lemma carrier_residue_group:
  "q > 0 \<Longrightarrow> carrier (residue_group (modulus_index q)) = {0..<q}"
  by (simp add: residue_group_def carrier_integer_mod_group)

lemma mult_residue_group:
  "q > 0 \<Longrightarrow> x \<otimes>\<^bsub>residue_group (modulus_index q)\<^esub> y = (x + y) mod q"
  by (simp add: residue_group_def)

lemma one_residue_group [simp]: "\<one>\<^bsub>residue_group A\<^esub> = 0"
  by (simp add: residue_group_def)

lemma group_residue_group [simp]: "group (residue_group A)"
  by (simp add: residue_group_def)

lemma cyclic_residue_group:
  assumes "q > 0"
  shows "cyclic_group (residue_group (modulus_index q))"
proof -
  let ?Z = "residue_group (modulus_index q)"
  have "(1 mod q) [^]\<^bsub>?Z\<^esub> m = m mod q" for m :: int
    using assms by (simp add: residue_group_def int_pow_integer_mod_group mod_mult_right_eq)
  moreover have "range (\<lambda>m::int. m mod q) = {0..<q}"
  proof
    show "range (\<lambda>m. m mod q) \<subseteq> {0..<q}"
      using assms by auto
    show "{0..<q} \<subseteq> range (\<lambda>m. m mod q)"
    proof
      fix r
      assume "r \<in> {0..<q}"
      then have "r = r mod q"
        by simp
      then show "r \<in> range (\<lambda>m. m mod q)"
        by blast
    qed
  qed
  ultimately have "carrier ?Z = range (\<lambda>m::int. (1 mod q) [^]\<^bsub>?Z\<^esub> m)"
    using assms by (simp add: carrier_residue_group)
  moreover have "1 mod q \<in> carrier ?Z"
    using assms by (simp add: carrier_residue_group)
  ultimately show ?thesis
    using group.cyclic_group[OF group_residue_group] by blast
qed

lemma inverse_system_residue_groups:
  assumes "Q \<noteq> {}" and pos: "\<And>q. q \<in> Q \<Longrightarrow> q > 0"
    and lcm: "\<And>a b. a \<in> Q \<Longrightarrow> b \<in> Q \<Longrightarrow> lcm a b \<in> Q"
  shows "inverse_system (modulus_index ` Q) divides_index residue_group reduction"
  unfolding inverse_system_def
proof (intro conjI)
  show "\<forall>i\<in>modulus_index ` Q. \<forall>j\<in>modulus_index ` Q. \<exists>k\<in>modulus_index ` Q.
      divides_index i k \<and> divides_index j k"
  proof (intro ballI)
    fix i j
    assume "i \<in> modulus_index ` Q" "j \<in> modulus_index ` Q"
    then obtain a b where "a \<in> Q" "b \<in> Q" "i = modulus_index a" "j = modulus_index b"
      by blast
    then show "\<exists>k\<in>modulus_index ` Q. divides_index i k \<and> divides_index j k"
      using lcm by (intro bexI[of _ "modulus_index (lcm a b)"]) (auto simp: divides_index_def)
  qed
  show "\<forall>i\<in>modulus_index ` Q. \<forall>j\<in>modulus_index ` Q. divides_index i j \<longrightarrow>
      reduction i j \<in> hom (residue_group j) (residue_group i)"
    using pos unfolding hom_def
    by (auto simp: divides_index_def reduction_def carrier_residue_group mult_residue_group
        mod_mod_cancel mod_add_eq)
qed (use assms in \<open>auto simp: divides_index_def reduction_def carrier_residue_group mod_mod_cancel
      dest: dvd_trans\<close>)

= = = = = = =

» ABOUT THIS EXERCISE:
Copy out every line of the records that the string "subseteq" appears in.

» TASK RESULT:
    show "range (\<lambda>m. m mod q) \<subseteq> {0..<q}"
    show "{0..<q} \<subseteq> range (\<lambda>m. m mod q)"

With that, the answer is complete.